Bidirectional, neural-guided program search is made possible primarily due to the inverse semantics of FlashMeta [18]. The concept of bidirectional programming, inverse semantics, and program inversion has been present throughout the history of program synthesis [9, 14, 20], but the way in which inverse evaluation is used here is most similar to FlashMeta.

ARC. To date, there are no prominent learning-based approaches to ARC that have proven more successful than the Kaggle-winning brute-force approach [2]. Other Kaggle approaches include genetic programming and cellular automata, but all essentially rely on brute force search over a DSL of operations combined with ARC-specific tricks, without any substantial learning [1]. The few-shot nature and large search space for ARC make it a very challenging benchmark, and progress scaling program synthesis algorithms is likely needed to enable further progress.
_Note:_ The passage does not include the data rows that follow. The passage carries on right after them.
lemma alternately_contractive_steps_tendsto_zero:
  assumes "class_S \<beta>" and "alternately_contractive \<beta> z"
  shows "(\<lambda>n. dist (z n) (z (Suc n))) \<longlonglongrightarrow> 0"
  using assms by (intro class_S_iteration_tendsto_zero[of \<beta>])
    (auto simp: alternately_contractive_def)

text \<open>Once the steps are small, terms with indices of opposite parity are close: if
  d = dist (z n) (z m) \<ge> e, the triangle inequality through z (n+1), z (m+1) gives
  d \<le> (step n) + \<beta> d * d + (step m), i.e. \<delta> * e \<le> \<delta> * d \<le> step n + step m.\<close>
lemma alternately_contractive_opposite_parity_close:
  assumes beta_S: "class_S \<beta>" and contr: "alternately_contractive \<beta> z" and e: "e > 0"
  shows "\<exists>N. \<forall>n\<ge>N. \<forall>m\<ge>N. odd (n + m) \<longrightarrow> dist (z n) (z m) < e"
proof -
  define a where "a n = dist (z n) (z (Suc n))" for n
  obtain \<delta> where \<delta>: "\<delta> > 0" "\<And>t. t \<ge> e \<Longrightarrow> \<beta> t \<le> 1 - \<delta>"
    using class_S_bounded_away[OF beta_S e] by blast
  have "a \<longlonglongrightarrow> 0"
    unfolding a_def by (rule alternately_contractive_steps_tendsto_zero[OF beta_S contr])
  hence "\<forall>\<^sub>F n in sequentially. a n < \<delta> * e / 2"
    using \<delta>(1) e by (intro order_tendstoD(2)) auto
  then obtain N where N: "\<And>n. n \<ge> N \<Longrightarrow> a n < \<delta> * e / 2"
    unfolding eventually_sequentially by blast
  have "dist (z n) (z m) < e" if nm: "n \<ge> N" "m \<ge> N" "odd (n + m)" for n m
  proof (rule ccontr)
    define d where "d = dist (z n) (z m)"
    assume "\<not> dist (z n) (z m) < e"
    hence d_ge: "d \<ge> e" unfolding d_def by simp
    have "d \<le> a n + dist (z (Suc n)) (z (Suc m)) + a m"
      unfolding d_def a_def
      using dist_triangle[of "z n" "z m" "z (Suc n)"] dist_triangle[of "z (Suc n)" "z m" "z (Suc m)"]
      by (simp add: dist_commute)
    also have "\<dots> \<le> a n + \<beta> d * d + a m"
      using contr nm(3) unfolding alternately_contractive_def d_def by simp
    also have "\<beta> d * d \<le> (1 - \<delta>) * d"
      using \<delta>(2)[OF d_ge] d_ge e by (intro mult_right_mono) auto
    finally have "\<delta> * d \<le> a n + a m" by (simp add: algebra_simps)
    moreover have "\<delta> * e \<le> \<delta> * d" using \<delta>(1) d_ge by simp
    moreover have "a n + a m < \<delta> * e" using N[OF nm(1)] N[OF nm(2)] by simp
    ultimately show False by simp
  qed
  thus ?thesis by blast
qed
(* In any execution of Algorithm $\mathsf{AG}$ (described in the context) with a guild, some process in the maximal guild sends a $\mathrm{DistributeT}$ message.
   Context: System model: a finite set $\mathcal{P}=\{p_1,\dots,p_n\}$ of processes communicating asynchronously over authenticated point-to-point links; every message sent from a correct process to a correct process is eventually delivered. A process that follows its protocol is correct; others (faulty, Byzantine) may behave arbitrarily. $F\subseteq\mathcal{P}$ denotes the (unknown) set of faulty processes of an execution. For $\mathcal{A}\subseteq 2^{\mathcal{P}}$, write $\mathcal{A}^*=\{A' : A'\subseteq A,\ A\in\mathcal{A}\}$. An asymmetric fail-prone system is an array $\mathbb{F}=[\mathcal{F}_1,\dots,\mathcal{F}_n]$ with $\mathcal{F}_i\subseteq 2^{\mathcal{P}}$. An asymmetric Byzantine quorum system for $\mathbb{F}$ is an array $\mathbb{Q}=[\mathcal{Q}_1,\dots,\mathcal{Q}_n]$ with $\mathcal{Q}_i\subseteq 2^{\mathcal{P}}$ (quorums for $p_i$) satisfying: (consistency) for all $i,j$, all $Q_i\in\mathcal{Q}_i$, $Q_j\in\mathcal{Q}_j$, $F_{ij}\in\mathcal{F}_i^*\cap\mathcal{F}_j^*$: $Q_i\cap Q_j\not\subseteq F_{ij}$; (availability) for all $i$ and $F_i\in\mathcal{F}_i$ there is $Q_i\in\mathcal{Q}_i$ with $F_i\cap Q_i=\emptyset$. A kernel for $p_i$ is a set $K\subseteq\mathcal{P}$ intersecting every $Q\in\mathcal{Q}_i$; $\mathcal{K}_i$ is the set of kernels for $p_i$. A correct process $p_i$ is wise if $F\in\mathcal{F}_i^*$. A guild is a set $\mathcal{G}$ of wise processes such that every $p_i\in\mathcal{G}$ has some $Q_i\in\mathcal{Q}_i$ with $Q_i\subseteq\mathcal{G}$. An execution with a guild is one in which a nonempty guild exists; the maximal guild $\mathcal{G}_{max}$ is the union of all guilds. Asymmetric reliable broadcast (arb-broadcast / arb-deliver) guarantees, in every execution with a guild: if a correct process arb-broadcasts $m$, every process of $\mathcal{G}_{max}$ eventually arb-delivers $m$; for each sender, all processes of $\mathcal{G}_{max}$ that arb-deliver from it deliver the same message; if some process of $\mathcal{G}_{max}$ arb-delivers a message from a sender, all processes of $\mathcal{G}_{max}$ eventually arb-deliver a message from that sender; a correct process arb-delivers at most one message per sender, and from a correct sender only a message it arb-broadcast. Algorithm $\mathsf{AG}$ (code of $p_i$; each correct process invokes ag-propose$(x_i)$ exactly once; each guarded "upon there being ..." action executes at most once, message handlers once per message). State: sets $S_i,T_i,U_i$ initially empty, boolean $sentT$ initially false. (1) Upon ag-propose$(x_i)$: arb-broadcast $(p_i,x_i)$. (2) Upon arb-delivering $(p_j,x_j)$ from $p_j$: $S_i\gets S_i\cup\{(p_j,x_j)\}$. (3) Upon there being $Q\in\mathcal{Q}_i$ such that for every $p_j\in Q$ some pair $(p_j,\cdot)\in S_i$: send $\langle\mathrm{DistributeS},p_i,S_i\rangle$ to all. (4) For a received $\langle\mathrm{DistributeS},p_j,S_j\rangle$: once $S_j\subseteq S_i$, provided $sentT$ is false at that moment, set $T_i\gets T_i\cup S_j$ and send $\langle\mathrm{Ack},p_i\rangle$ to $p_j$. (5) Upon Ack received from every member of some $Q\in\mathcal{Q}_i$: send Ready to all. (6) Upon Ready received from every member of some $Q\in\mathcal{Q}_i$: send Confirm to all. (7) Upon Confirm received from every member of some $K\in\mathcal{K}_i$: send Confirm to all. (8) Upon Confirm received from every member of some $Q\in\mathcal{Q}_i$: send $\langle\mathrm{DistributeT},p_i,T_i\rangle$ to all and set $sentT\gets$ true. (9) For a received $\langle\mathrm{DistributeT},p_j,T_j\rangle$ from $p_j$: once $T_j\subseteq S_i$, set $U_i\gets U_i\cup T_j$. (10) Upon DistributeT received from every member of some $Q\in\mathcal{Q}_i$: ag-deliver$(U_i)$. *)

theory Defs
  imports Main
begin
We hope our progress reported here inspires and enables further progress on ARC.

Future Work. The next step of our work is to combine the two approaches to create a unified approach. This can be done by using the bidirectional search algorithm to solve tasks, then create new operations out of abstractions base on tasks solved. To fill out the learning approach, we can consider including the ability to synthesize inverse and conditional inverse operations for newly learned abstractions, perhaps as its own synthesis problem. Our approach remains to be scaled up to a full DSL capable of solving ARC. Incorporating more sophisticated inverse semantics and type-directed search are important components of the full bidirectional approach.